Exercise.
Where a line below contains "rule", count it. Reply with the total only.

Records for the exercise.
Segment Open
lemma degree_mset_decomposition:
  fixes M :: "nat multiset"
  assumes "size M = n" and "0 \<notin># M" and "sum_mset M = 2 * n + 2"
  obtains b c where "M = filter_mset (\<lambda>x. 3 \<le> x) M + replicate_mset b 2 + replicate_mset c 1"
    and "n = size (filter_mset (\<lambda>x. 3 \<le> x) M) + b + c"
    and "sum_mset (filter_mset (\<lambda>x. 3 \<le> x) M) = 2 * size (filter_mset (\<lambda>x. 3 \<le> x) M) + c + 2"
proof
  let ?A = "filter_mset (\<lambda>x. 3 \<le> x) M"
  note split = mset_split_small_values[OF assms(2)]
  show "n = size ?A + count M 2 + count M 1"
    using arg_cong[OF split, of size] assms(1) by simp
  moreover have "sum_mset M = sum_mset ?A + 2 * count M 2 + count M 1"
    by (subst split) simp
  ultimately show "sum_mset ?A = 2 * size ?A + count M 1 + 2"
    using assms(3) by simp
qed (rule mset_split_small_values[OF assms(2)])

lemma abs_diff_sum_bound_with_ones:
  fixes A :: "nat multiset" and b c :: nat
  assumes A_ge_3: "\<forall>x\<in>#A. 3 \<le> x" and sum_A: "sum_mset A = 2 * size A + c + 2"
    and "1 \<le> c" and "2 \<le> size A"
  defines "M \<equiv> A + replicate_mset b 2 + replicate_mset c 1" and "n \<equiv> size A + b + c"
  shows "4 * real n - 10 \<le> abs_diff_sum M M / 2"
    and "abs_diff_sum M M / 2 = 4 * real n - 10
      \<Longrightarrow> M = replicate_mset 3 3 + replicate_mset (n - 4) 2 + {#1#}"
proof -
  define a where "a = size A"
  have "3 * a \<le> sum_mset A" unfolding a_def using A_ge_3 by (rule mult_size_le_sum_mset)
  then have "a \<le> c + 2" using sum_A unfolding a_def by simp
  define excess where "excess = b * (c + 2) + c * (a + c + 2) + b * c"
  note bound = low_degree_excess_bound[OF \<open>1 \<le> c\<close> \<open>2 \<le> size A\<close>[folded a_def] \<open>a \<le> c + 2\<close>,
      of b, folded excess_def, unfolded a_def, folded n_def]
  have "\<forall>x\<in>#A. 2 \<le> x" using A_ge_3 by auto
  from abs_diff_sum_split_small_values[OF this, of b c]
  have irr: "abs_diff_sum M M / 2 = abs_diff_sum A A / 2 + real excess"
    unfolding M_def[symmetric] sum_A excess_def a_def by (simp add: algebra_simps)
  have "4 * real n \<le> real excess + 10" using bound(1) by linarith
  then show "4 * real n - 10 \<le> abs_diff_sum M M / 2"
    using irr abs_diff_sum_nonneg[of A A] by linarith
  assume "abs_diff_sum M M / 2 = 4 * real n - 10"
  then have "4 * n = excess + 10"
    using irr abs_diff_sum_nonneg[of A A] \<open>4 * real n \<le> real excess + 10\<close> by linarith
  then have "c = 1" "size A = 3" using bound(2) by auto
  moreover from this have "A = replicate_mset 3 3"
    using eq_replicate_mset_if_sum_mset_le[OF A_ge_3] sum_A by simp
  ultimately show "M = replicate_mset 3 3 + replicate_mset (n - 4) 2 + {#1#}"
    unfolding M_def n_def by simp
qed

lemma abs_diff_sum_degree_bounds:
  fixes M :: "nat multiset" and n :: nat
  assumes "size M = n" and "0 \<notin># M" and "sum_mset M = 2 * n + 2"
    and branch: "2 \<le> size (filter_mset (\<lambda>x. 3 \<le> x) M)" and "5 \<le> n"
  defines "M\<^sub>1 \<equiv> replicate_mset 2 3 + replicate_mset (n - 2) 2"
    and "M\<^sub>2 \<equiv> replicate_mset 3 3 + replicate_mset (n - 4) 2 + {#1#}"
  shows "abs_diff_sum M M / 2 \<ge> 2 * real n - 4
    \<and> (abs_diff_sum M M / 2 = 2 * real n - 4 \<longleftrightarrow> M = M\<^sub>1)
    \<and> (M \<noteq> M\<^sub>1 \<longrightarrow> abs_diff_sum M M / 2 \<ge> 4 * real n - 10
         \<and> (abs_diff_sum M M / 2 = 4 * real n - 10 \<longleftrightarrow> M = M\<^sub>2))"
proof -
  define A where "A = filter_mset (\<lambda>x. 3 \<le> x) M"
  obtain b c where split: "M = A + replicate_mset b 2 + replicate_mset c 1"
    and n: "n = size A + b + c" and sum_A: "sum_mset A = 2 * size A + c + 2"
    using degree_mset_decomposition assms(1-3) unfolding A_def by blast
  have A_ge_3: "\<forall>x\<in>#A. 3 \<le> x" unfolding A_def by simp
  have "count M\<^sub>1 1 \<noteq> count M\<^sub>2 1" unfolding M\<^sub>1_def M\<^sub>2_def by simp
  then have "M\<^sub>1 \<noteq> M\<^sub>2" by metis
  moreover have "abs_diff_sum M\<^sub>1 M\<^sub>1 / 2 = 2 * real n - 4"
    unfolding M\<^sub>1_def using assms(5) by (intro abs_diff_sum_two_threes) simp
  moreover have "abs_diff_sum M\<^sub>2 M\<^sub>2 / 2 = 4 * real n - 10"
    unfolding M\<^sub>2_def using assms(5) by (intro abs_diff_sum_three_threes_one) simp
  moreover have "M = M\<^sub>1" if "c = 0"
  proof -
    have "size A = 2"
      using mult_size_le_sum_mset[OF A_ge_3] sum_A branch that unfolding A_def by simp
    then have "A = replicate_mset 2 3"
      using eq_replicate_mset_if_sum_mset_le[OF A_ge_3] sum_A that by simp
    then show ?thesis using split n that \<open>size A = 2\<close> unfolding M\<^sub>1_def by simp
  qed
  moreover have "4 * real n - 10 \<le> abs_diff_sum M M / 2"
    and "abs_diff_sum M M / 2 = 4 * real n - 10 \<Longrightarrow> M = M\<^sub>2" if "1 \<le> c"
    using abs_diff_sum_bound_with_ones[OF A_ge_3 sum_A that, of b] branch
    unfolding A_def[symmetric] split[symmetric] n[symmetric] M\<^sub>2_def by simp_all
  ultimately show ?thesis using assms(5) by (cases "c = 0") auto
qed

lemma simple_graph_finite_edges: "simple_graph V E \<Longrightarrow> finite E"
  unfolding simple_graph_def by (metis Pow_iff finite_Pow_iff finite_subset subsetI)
lemma degree_ge_3:
  assumes "finite E" and "{w, x} \<in> E" "{w, y} \<in> E" "{w, z} \<in> E"
    and "w \<notin> {x, y, z}" "x \<noteq> y" "x \<noteq> z" "y \<noteq> z"
  shows "3 \<le> degree E w"
proof -
  have "{w, x} \<noteq> {w, y}" "{w, x} \<noteq> {w, z}" "{w, y} \<noteq> {w, z}"
    using assms(5-) by (auto simp: doubleton_eq_iff)
  then have "card {{w, x}, {w, y}, {w, z}} = 3" by simp
  moreover have "card {{w, x}, {w, y}, {w, z}} \<le> card {e\<in>E. w \<in> e}"
    using assms(1-4) by (intro card_mono) auto
  ultimately show ?thesis unfolding degree_def by simp
qed

lemma degree_pos_if_connected:
  assumes "simple_graph V E" "connected_graph V E" "u \<in> V" "v \<in> V" "u \<noteq> v"
  shows "0 < degree E v"
proof -
  obtain xs where walk: "is_walk V E xs" "hd xs = v" "last xs = u"
    using assms(2-4) unfolding connected_graph_def connected_by_def by blast
  then have "Suc 0 < length xs"
    using assms(5) by (cases xs) (auto simp: is_walk_def)
  then have "{v, xs ! 1} \<in> {e\<in>E. v \<in> e}"
    using walk unfolding is_walk_def by (auto simp: hd_conv_nth)
  then show ?thesis
    unfolding degree_def using simple_graph_finite_edges[OF assms(1)] by (auto simp: card_gt_0_iff)
qed

lemma sum_degree_eq_twice_card_edges:
  assumes "simple_graph V E"
  shows "(\<Sum>v\<in>V. degree E v) = 2 * card E"
proof -
  have fin: "finite E" "finite V"
    using assms simple_graph_finite_edges unfolding simple_graph_def by auto
  have "(\<Sum>v\<in>V. degree E v) = (\<Sum>v\<in>V. \<Sum>e\<in>E. if v \<in> e then 1 else 0)"
    unfolding degree_def by (simp only: card_eq_sum sum.inter_filter[OF fin(1)])
  also have "\<dots> = (\<Sum>e\<in>E. \<Sum>v\<in>V. if v \<in> e then 1 else 0)" by (rule sum.swap)
  also have "\<dots> = (\<Sum>e\<in>E. card e)"
  proof (rule sum.cong)
    fix e assume "e \<in> E"
    then have "{v\<in>V. v \<in> e} = e" using assms unfolding simple_graph_def by auto
    moreover have "(\<Sum>v\<in>V. if v \<in> e then 1 else 0) = card {v\<in>V. v \<in> e}"
      by (simp only: card_eq_sum sum.inter_filter[OF fin(2)])
    ultimately show "(\<Sum>v\<in>V. if v \<in> e then 1 else 0) = card e" by simp
  qed simp
  also have "\<dots> = 2 * card E" using assms unfolding simple_graph_def by simp
  finally show ?thesis .
qed

lemma is_path_rev:
  assumes "is_path V E xs"
  shows "is_path V E (rev xs)"
  unfolding is_path_def is_walk_def
proof (intro conjI allI impI)
  fix i assume i: "Suc i < length (rev xs)"
  define j where "j = length xs - Suc (Suc i)"
  have "Suc j < length xs" "length xs - Suc i = Suc j" using i unfolding j_def by auto
  then have "{xs ! j, xs ! Suc j} \<in> E" using assms unfolding is_path_def is_walk_def by blast
  then show "{rev xs ! i, rev xs ! Suc i} \<in> E"
    using i by (simp add: rev_nth j_def \<open>length xs - Suc i = Suc j\<close> insert_commute)
qed (use assms in \<open>auto simp: is_path_def is_walk_def\<close>)

lemma theta_paths_rev:
  "theta_paths V E P1 P2 P3 \<Longrightarrow> theta_paths V E (rev P1) (rev P2) (rev P3)"
  unfolding theta_paths_def by (auto simp: is_path_rev hd_rev last_rev insert_commute)

lemma path_second_vertex:
  assumes "is_path V E P"
  shows "{hd P, P ! 1} \<in> E" and "P ! 1 \<noteq> hd P" and "P ! 1 \<in> set P"
    and "3 \<le> length P \<Longrightarrow> P ! 1 \<noteq> last P"
proof -
  have len: "2 \<le> length P" "P \<noteq> []" "distinct P" using assms unfolding is_path_def by auto
  then show "{hd P, P ! 1} \<in> E"
    using assms unfolding is_path_def is_walk_def by (auto simp: hd_conv_nth)
  show "P ! 1 \<noteq> hd P" "P ! 1 \<in> set P"
    using len by (auto simp: hd_conv_nth nth_eq_iff_index_eq)
  show "P ! 1 \<noteq> last P" if "3 \<le> length P"
    using len that by (auto simp: last_conv_nth nth_eq_iff_index_eq)
qed

lemma theta_paths_hd_degree_ge_3:
  assumes "finite E" and "theta_paths V E P1 P2 P3"
  shows "3 \<le> degree E (hd P1)"
proof -
  let ?u = "hd P1" and ?v = "last P1"
  have paths: "is_path V E P1" "is_path V E P2" "is_path V E P3" "3 \<le> length P2" "3 \<le> length P3"
    and ends: "hd P2 = ?u" "hd P3 = ?u" "last P2 = ?v" "last P3 = ?v"
    and meets: "set P1 \<inter> set P2 = {?u, ?v}" "set P1 \<inter> set P3 = {?u, ?v}"
      "set P2 \<inter> set P3 = {?u, ?v}"
    using assms(2) unfolding theta_paths_def by auto
  note second = path_second_vertex[OF paths(1)] path_second_vertex[OF paths(2)]
    path_second_vertex[OF paths(3)]
  have "P2 ! 1 \<notin> {?u, ?v}" "P3 ! 1 \<notin> {?u, ?v}"
    using second paths(4,5) ends by auto
  then have "P2 ! 1 \<notin> set P1 \<union> set P3" "P3 ! 1 \<notin> set P1"
    using second meets by blast+
  then show ?thesis
    using second ends by (intro degree_ge_3[OF assms(1), of _ "P1 ! 1" "P2 ! 1" "P3 ! 1"]) auto
qed

lemma Theta_class_two_degrees_ge_3:
  assumes "Theta_class V E"
  shows "2 \<le> size (filter_mset (\<lambda>x. 3 \<le> x) (degree_mset V E))"
proof -
  obtain P1 P2 P3 where theta: "theta_paths V E P1 P2 P3"
    using assms unfolding Theta_class_def by blast
  have sg: "simple_graph V E" using assms unfolding Theta_class_def bicyclic_def by blast
  then have fin: "finite E" "finite V" using simple_graph_finite_edges simple_graph_def by auto
  have "is_path V E P1" using theta unfolding theta_paths_def by blast
  then have "hd P1 \<noteq> last P1" "{hd P1, last P1} \<subseteq> V"
    unfolding is_path_def is_walk_def by (auto simp: hd_conv_nth last_conv_nth nth_eq_iff_index_eq)
  moreover have "3 \<le> degree E (hd P1)" "3 \<le> degree E (last P1)"
    using theta_paths_hd_degree_ge_3[OF fin(1) theta]
      theta_paths_hd_degree_ge_3[OF fin(1) theta_paths_rev[OF theta]] by (simp_all add: hd_rev)
  ultimately have "2 \<le> card {v\<in>V. 3 \<le> degree E v}"
    using fin(2) card_mono[of "{v\<in>V. 3 \<le> degree E v}" "{hd P1, last P1}"] by auto
  then show ?thesis
    unfolding degree_mset_def filter_mset_image_mset filter_mset_mset_set[OF fin(2)] by simp
qed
Segment Closed
Output below.
4